◆ Record excerpts:
= Beginning of Section =

lemma polyfun_has_partial_derivative:
  "polyfun f \<Longrightarrow> \<exists>g. polyfun g \<and>
     (\<forall>x. ((\<lambda>t::real. f (x + t *\<^sub>R axis i 1)) has_vector_derivative g x) (at 0))"
proof (induction rule: polyfun.induct)
  case (polyfun_const c)
  show ?case
    by (intro exI[of _ "\<lambda>x. 0"]) (auto intro: polyfun.intros derivative_eq_intros)
next
  case (polyfun_coord j)
  have "((\<lambda>t::real. complex_of_real (x $ j) + complex_of_real t * complex_of_real (axis i 1 $ j))
          has_vector_derivative complex_of_real (axis i 1 $ j)) (at 0)" for x :: "real^'a"
    unfolding has_vector_derivative_def
    by (auto intro!: derivative_eq_intros simp: scaleR_conv_of_real)
  then show ?case
    by (intro exI[of _ "\<lambda>x. complex_of_real (axis i 1 $ j)"]) (auto intro: polyfun_const)
next
  case (polyfun_add f g)
  then obtain f' g' where "polyfun f'" "polyfun g'"
    "\<forall>x. ((\<lambda>t::real. f (x + t *\<^sub>R axis i 1)) has_vector_derivative f' x) (at 0)"
    "\<forall>x. ((\<lambda>t::real. g (x + t *\<^sub>R axis i 1)) has_vector_derivative g' x) (at 0)" by blast
  then show ?case
    by (intro exI[of _ "\<lambda>x. f' x + g' x"])
      (auto intro: polyfun.intros has_vector_derivative_add)
next
  case (polyfun_mult f g)
  then obtain f' g' where "polyfun f'" "polyfun g'"
    "\<forall>x. ((\<lambda>t::real. f (x + t *\<^sub>R axis i 1)) has_vector_derivative f' x) (at 0)"
    "\<forall>x. ((\<lambda>t::real. g (x + t *\<^sub>R axis i 1)) has_vector_derivative g' x) (at 0)" by blast
  with polyfun_mult.hyps show ?case
    by (intro exI[of _ "\<lambda>x. f x * g' x + f' x * g x"])
      (auto intro!: polyfun.intros has_vector_derivative_mult[THEN has_vector_derivative_eq_rhs])
qed

lemma polyfun_partial:
  assumes "polyfun f"
  shows "polyfun (partial i f)"
proof -
  obtain g where "polyfun g"
    and g: "\<forall>x. ((\<lambda>t::real. f (x + t *\<^sub>R axis i 1)) has_vector_derivative g x) (at 0)"
    using polyfun_has_partial_derivative[OF assms] by blast
  moreover have "partial i f = g"
    using g by (auto simp: partial_def fun_eq_iff intro: vector_derivative_at)
  ultimately show ?thesis by simp
qed

lemma polyfun_Xact: "polyfun f \<Longrightarrow> polyfun (Xact i j f)"
  unfolding Xact_def by (intro polyfun_diff polyfun.intros polyfun_partial)

lemma integrable_continuous_concentrated_on_compact:
  fixes h :: "'a::topological_space \<Rightarrow> 'b::{banach, second_countable_topology}"
  assumes "finite_measure \<mu>" "sets \<mu> = sets borel"
    and "compact K" "AE x in \<mu>. x \<in> K" "continuous_on UNIV h"
  shows "integrable \<mu> h"
proof -
  interpret finite_measure \<mu> by fact
  have "compact (h ` K)"
    using assms(3,5) by (auto intro: compact_continuous_image continuous_on_subset)
  then obtain B where B: "\<forall>y\<in>h ` K. norm y \<le> B"
    using compact_imp_bounded bounded_iff by metis
  have "h \<in> borel_measurable \<mu>"
    using borel_measurable_continuous_onI[OF assms(5)] measurable_cong_sets[OF assms(2) refl]
    by blast
  with assms(4) B show ?thesis
    by (intro integrable_const_bound[where B=B]) auto
qed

= End of Section =

◆ Problem:
Isolate each line of the listing above that includes "with". Copy it.

◆ Output of the task:
  with polyfun_mult.hyps show ?case
  with assms(4) B show ?thesis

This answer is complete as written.